O filme do Vinícius
Re-assisti algumas vezes por aqui também o filme do Vinícius de Moraes, lançado em 2005. Se você o assiste permitindo-se ser tomado por emoções fortes, você consegue isso a todo instante. Vale a pena assistir e re-assistir o filme quando se está à flor da pele.
Teria várias coisas a comentar sobre o filme, mas teve uma frase dita por Ferreira Gullar, citando T. S. Eliot que me serviu como carapuça.

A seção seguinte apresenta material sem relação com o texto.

(* For all $0<\varepsilon<1/8$, for all sufficiently large $\ell>0$, for all $x,y\in\bar B(0,2\ell)$ with $x\neq y$ and all $\ell'$ with $\|x-y\|\le\ell'\le2\ell$, there exist $\hat x,\hat y\in\bar B(0,3\ell)\cap\mathbb Z^d$ with $\|\hat x-\hat y\|\ge\|x-y\|$ such that every element of $\mathcal G_1(x,y,\ell')$ is included in an element of $\mathcal G_1(\hat x,\hat y,\ell'+8\varepsilon\ell)$.
   Context: Fix $d\ge2$; Euclidean norm $\|\cdot\|$, inner product $\langle\cdot,\cdot\rangle$; $\bar B(x,r)$ is the closed Euclidean ball. Paths: finite sequences $(x_0,\dots,x_r)$ in $\mathbb R^d$, length $\sum\|x_i-x_{i+1}\|$. Animals: finite connected graphs $\xi=(V,E)$ with $V\subseteq\mathbb R^d$, length $\sum_{\{x,y\}\in E}\|x-y\|$; inclusion of animals is inclusion as subgraphs. $\mathcal P(x,y,\ell)$: paths from $x$ to $y$ of length $\le\ell$; $\mathcal A^*(x,y,\ell)$: animals empty or with $\|\xi\|+\mathrm d(x,V)+\mathrm d(y,V)\le\ell$. $\mathcal G$ denotes either $\mathcal P$ or $\mathcal A^*$. For $x\ne y$, $D_1(x,y)=\{z:\langle z-x,y-x\rangle\ge0,\ \langle z-y,x-y\rangle\ge0\}$ and $\mathcal G_1(x,y,\ell)=\{\xi\in\mathcal G(x,y,\ell):\xi\subseteq D_1(x,y)\}$. *)

theory Defs
  imports "HOL-Analysis.Analysis" "HOL-Library.Sublist"
begin

type_synonym 'a path_seq = "'a list"

definition path_len :: "'a::real_normed_vector list \<Rightarrow> real" where
  "path_len xs = sum_list (map (\<lambda>(a,b). norm (a - b)) (zip xs (tl xs)))"

definition Paths :: "'a::real_normed_vector \<Rightarrow> 'a \<Rightarrow> real \<Rightarrow> 'a list set" where
  "Paths x y l = {xs. xs \<noteq> [] \<and> hd xs = x \<and> last xs = y \<and> path_len xs \<le> l}"
definition fibration :: "nat list \<Rightarrow> nat \<Rightarrow> nat \<Rightarrow> obj \<Rightarrow> obj \<Rightarrow> (nat \<Rightarrow> nat) \<Rightarrow> bool" where
  "fibration ps n d E P p \<longleftrightarrow> Mor ps n d E P p \<and>
     (\<forall>A B i u v. cofibration ps n d A B i \<and> weq ps n d A B i \<and> Mor ps n d A E u \<and>
        Mor ps n d B P v \<and> cmp A p u = cmp A v i \<longrightarrow>
        (\<exists>h. Mor ps n d B E h \<and> cmp A h i = u \<and> cmp B p h = v))"

text \<open>The map [i0,i1] : X + X \<rightarrow> C is a cofibration, phrased via the universal property
of the coproduct (left lifting property against all retractions).\<close>
definition pair_cofibration ::
  "nat list \<Rightarrow> nat \<Rightarrow> nat \<Rightarrow> obj \<Rightarrow> obj \<Rightarrow> (nat \<Rightarrow> nat) \<Rightarrow> (nat \<Rightarrow> nat) \<Rightarrow> bool" where
  "pair_cofibration ps n d X C i0 i1 \<longleftrightarrow> Mor ps n d X C i0 \<and> Mor ps n d X C i1 \<and>
     (\<forall>E P p u0 u1 v. retraction ps n d E P p \<and> Mor ps n d X E u0 \<and> Mor ps n d X E u1 \<and>
        Mor ps n d C P v \<and> cmp X p u0 = cmp X v i0 \<and> cmp X p u1 = cmp X v i1 \<longrightarrow>
        (\<exists>h. Mor ps n d C E h \<and> cmp X h i0 = u0 \<and> cmp X h i1 = u1 \<and> cmp C p h = v))"

text \<open>Left homotopy via a cylinder object (Hovey): X + X \<rightarrow> C cofibration, C \<rightarrow> X weak
equivalence composing to the fold map, and a homotopy H : C \<rightarrow> Y.\<close>
definition left_homotopic ::
  "nat list \<Rightarrow> nat \<Rightarrow> nat \<Rightarrow> obj \<Rightarrow> obj \<Rightarrow> (nat \<Rightarrow> nat) \<Rightarrow> (nat \<Rightarrow> nat) \<Rightarrow> bool" where
  "left_homotopic ps n d X Y f g \<longleftrightarrow> Mor ps n d X Y f \<and> Mor ps n d X Y g \<and>
     (\<exists>C i0 i1 s H. pair_cofibration ps n d X C i0 i1 \<and> weq ps n d C X s \<and>
        cmp X s i0 = idm X \<and> cmp X s i1 = idm X \<and>
        Mor ps n d C Y H \<and> cmp X H i0 = f \<and> cmp X H i1 = g)"

end
definition inside_neighbours :: "nat \<Rightarrow> nat \<times> nat \<Rightarrow> (nat \<times> nat) list" where
  "inside_neighbours k p = (case p of (i, j) \<Rightarrow>
     if j = 0 then (if i < k then [(i, 1)] else []) @ (if 0 < i then [(i - 1, 5)] else [])
     else [if j < 5 then (i, j + 1) else (i + 1, 0), if 1 < j then (i, j - 1) else (i, 0)])"

definition row_values :: "cert_row \<Rightarrow> nat \<Rightarrow> int list" where
  "row_values a k = (if k = 7 then fst a else if k = 4 then fst (snd a) else if k = 5 then snd (snd a) else [])"

text \<open>Row \<open>n\<close> of the table lists, for the fans of width 7, 4 and 5, the numbers
  \<open>2 ^ 26 * c\<close> where \<open>c\<close> is the factor contributed to the test function by a site of that fan
  at depth \<open>n\<close>, in the order of \<open>position_index\<close>; it does not depend on the rotation
  \<open>r\<close> of the fan. \<open>cert_ineq\<close> is the superharmonicity inequality at such a site,
  multiplied by \<open>10000 * 2 ^ 52\<close>.\<close>
definition cert_ineq :: "bool \<Rightarrow> cert_row \<Rightarrow> cert_row \<Rightarrow> nat \<Rightarrow> nat \<times> nat \<Rightarrow> bool" where
  "cert_ineq at_root a b k p = (let
       x = nth_default 0 (row_values a k) (position_index k p);
       S = sum_list (map (\<lambda>q. nth_default 0 (row_values a k) (position_index k q)) (inside_neighbours k p));
       k' = child_width k p;
       D = sum_list (map (nth_default 0 (row_values b k')) [0..<k' + 1])
     in 0 \<le> x \<and>
        52985 * 2 ^ 26 * x \<le> 10000 * (2 ^ 26 * S + (if snd p = 0 \<and> \<not> at_root then 2 ^ 52 else 0) + x * D))"

definition cert_level :: "bool \<Rightarrow> cert_row \<Rightarrow> cert_row \<Rightarrow> bool" where
  "cert_level at_root a b = list_all (\<lambda>k. list_all (cert_ineq at_root a b k) (fan_positions k)) [4, 5, 7]"
(* Fix an execution path of naive-fvs$(G,k,\emptyset)$ that leads to a solution, with $V_-=\{x_1,\dots,x_s\}$, $F'$, $d^*$ and $\delta$ as defined in the context. For every $i\in\{1,\dots,s\}$, $\sum_{u\in F'}\delta(u,x_i)\le d^*(x_i)$.
   Context: All graphs are finite, simple and undirected; $d_G(v)$ denotes the degree of $v$ in $G$ (taken to be $0$ if $v\notin V(G)$), $G-S$ denotes deletion of a vertex set $S$, and $G[S]$ the induced subgraph. A feedback vertex set of $G$ is a set $V_-\subseteq V(G)$ such that $G-V_-$ is a forest. Algorithm naive-fvs$(G,k,F)$ (with $k$ an integer and $F\subseteq V(G)$ inducing a forest) returns a set of vertices or ``NO'' as follows (all choices among several candidates are arbitrary; degrees are in the current graph $G$): (0) If $k<0$ return NO; if $V(G)=\emptyset$ return $\emptyset$. (1) If some vertex $v$ has degree less than $2$, return naive-fvs$(G-\{v\},k,F\setminus\{v\})$. (2) If some $v\in V(G)\setminus F$ has two neighbors in the same connected component of $G[F]$, let $X=$ naive-fvs$(G-\{v\},k-1,F)$ and return $X\cup\{v\}$ (NO if $X$ is NO). (3) Pick $v\in V(G)\setminus F$ of maximum degree. (4) If $d(v)=2$: set $X=\emptyset$; while $G$ contains a cycle $C$, take any vertex $x$ of $C$ not in $F$, add $x$ to $X$ and delete $x$ from $G$; then return $X$ if $|X|\le k$, else NO. (5) Let $X=$ naive-fvs$(G-\{v\},k-1,F)$; if $X$ is not NO, return $X\cup\{v\}$. (6) Return naive-fvs$(G,k,F\cup\{v\})$. An execution path is a sequence of calls $c_0,c_1,\dots,c_t$ where $c_0=$ naive-fvs$(G,k,\emptyset)$; for each $j<t$, $c_{j+1}$ is the recursive call made by $c_j$ in step 1 or step 2, or, if $c_j$ reaches step 5, either the call of step 5 or the call of step 6 (the latter considered even if the algorithm would not actually make it); and $c_t$ terminates in step 0 or step 4 without recursion. It leads to a solution if $c_t$ returns a set (not NO). Along the path, vertices are deleted from the current graph one at a time (in steps 1, 2, 5 and in the loop of step 4 of $c_t$). $V_-$ denotes the set of vertices deleted in step 2, in step 5 (when the path follows the step-5 call), and in the loop of step 4 of $c_t$; $F'$ denotes the set of vertices added to $F$ by step 6 (when the path follows the step-6 call). Let $x_1,\dots,x_s$ be the vertices of $V_-$ in the order they are deleted. For $v\in V_-\cup F'$, $d^*(v)$ is the degree of $v$ in the current graph at the moment $v$ is deleted (for $v\in V_-$) or moved into $F$ (for $v\in F'$). Let $G_i$ and $F_i$ be the current graph and current set $F$ immediately before $x_i$ is deleted, and let $G_{s+1}$ be the current graph at the end of the path. For $u\in F'$ and $1\le i\le s$, the number of effective decrements of $u$ incurred by $x_i$ is $\delta(u,x_i)=\max\{d_{G_i}(u),2\}-\max\{d_{G_{i+1}}(u),2\}$ if $u\in F_i$, and $\delta(u,x_i)=0$ otherwise. *)

theory Defs
  imports Main
begin

text \<open>A graph is a pair (vertex set, edge set); edges are 2-element vertex sets.\<close>
type_synonym 'a graph = "'a set \<times> 'a set set"

definition verts :: "'a graph \<Rightarrow> 'a set" where "verts G = fst G"
definition edges :: "'a graph \<Rightarrow> 'a set set" where "edges G = snd G"

definition simple_graph :: "'a graph \<Rightarrow> bool" where
  "simple_graph G \<longleftrightarrow> finite (verts G) \<and>
     (\<forall>e\<in>edges G. \<exists>u v. e = {u, v} \<and> u \<noteq> v \<and> u \<in> verts G \<and> v \<in> verts G)"

definition nbrs :: "'a graph \<Rightarrow> 'a \<Rightarrow> 'a set" where
  "nbrs G v = {u. {u, v} \<in> edges G}"

text \<open>Degree; it is 0 for vertices not in the graph (no incident edges).\<close>
definition deg :: "'a graph \<Rightarrow> 'a \<Rightarrow> nat" where
  "deg G v = (if v \<in> verts G then card (nbrs G v) else 0)"

definition del_verts :: "'a graph \<Rightarrow> 'a set \<Rightarrow> 'a graph" where
  "del_verts G S = (verts G - S, {e \<in> edges G. e \<inter> S = {}})"

definition induced :: "'a graph \<Rightarrow> 'a set \<Rightarrow> 'a graph" where
  "induced G S = (verts G \<inter> S, {e \<in> edges G. e \<subseteq> S})"

definition is_cycle :: "'a graph \<Rightarrow> 'a list \<Rightarrow> bool" where
  "is_cycle G cs \<longleftrightarrow> distinct cs \<and> length cs \<ge> 3 \<and> set cs \<subseteq> verts G \<and>
     (\<forall>i < length cs. {cs ! i, cs ! ((i + 1) mod length cs)} \<in> edges G)"

definition has_cycle :: "'a graph \<Rightarrow> bool" where
  "has_cycle G \<longleftrightarrow> (\<exists>cs. is_cycle G cs)"

definition connected_in :: "'a graph \<Rightarrow> 'a \<Rightarrow> 'a \<Rightarrow> bool" where
  "connected_in G u w \<longleftrightarrow> u \<in> verts G \<and> w \<in> verts G \<and>
     (u, w) \<in> {(a, b). {a, b} \<in> edges G}\<^sup>*"

text \<open>A call state: current graph, current k, current F.\<close>
type_synonym 'a fstate = "'a graph \<times> int \<times> 'a set"

definition sG :: "'a fstate \<Rightarrow> 'a graph" where "sG st = fst st"
definition sk :: "'a fstate \<Rightarrow> int" where "sk st = fst (snd st)"
definition sF :: "'a fstate \<Rightarrow> 'a set" where "sF st = snd (snd st)"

Depois de comentar como Vinícius era mesmo um sujeito que vivia com a emoção sempre à flor da pele, chorando por diversas vezes ao se lembrar de certos amigos e tal, Gullar se lembra desta frase de Eliot: "o poeta escreve para se livrar das emoções". "O poeta quer se livrar daquilo, ele quer se libertar, fique pra você esta emoção porque eu não aguento, fique pra você!", dizia Gullar. Neste mesmo toque de caixa, vale dizer que sempre que estou agonizado e com dúvidas existenciais, gosto de escrever. Isso me permite exatamente racionalizar o sentimento, analisá-lo friamente e, de certa forma, permite-me desfazer dele. Sinto isso muitas vezes depois de escrever um texto ou uma poesia, que meu sentimento agora se acalmou um pouco. Escrever nos livra dos sentimentos fortes. E um grande poeta como Vinícius certamente tinha sentimentos muito fortes para se livrar e talvez por isso tenha sido tão grande como foi, na poesia e na música popular.
Particularmente me vem à cabeça agora outra parte do filme onde se comenta sobre um jovem negro que teria assobiado para uma garota branca e sido morto a tiros por policiais, talvez na África do Sul. Isso aí me chocou muito e me fez refletir também sobre como esta sociedade é mesmo uma coisa escrota.
Deveria ter anotado mais coisas neste caderno sobre o filme, pois lembro que me emocionei muito nas últimas vezes em que o assisti.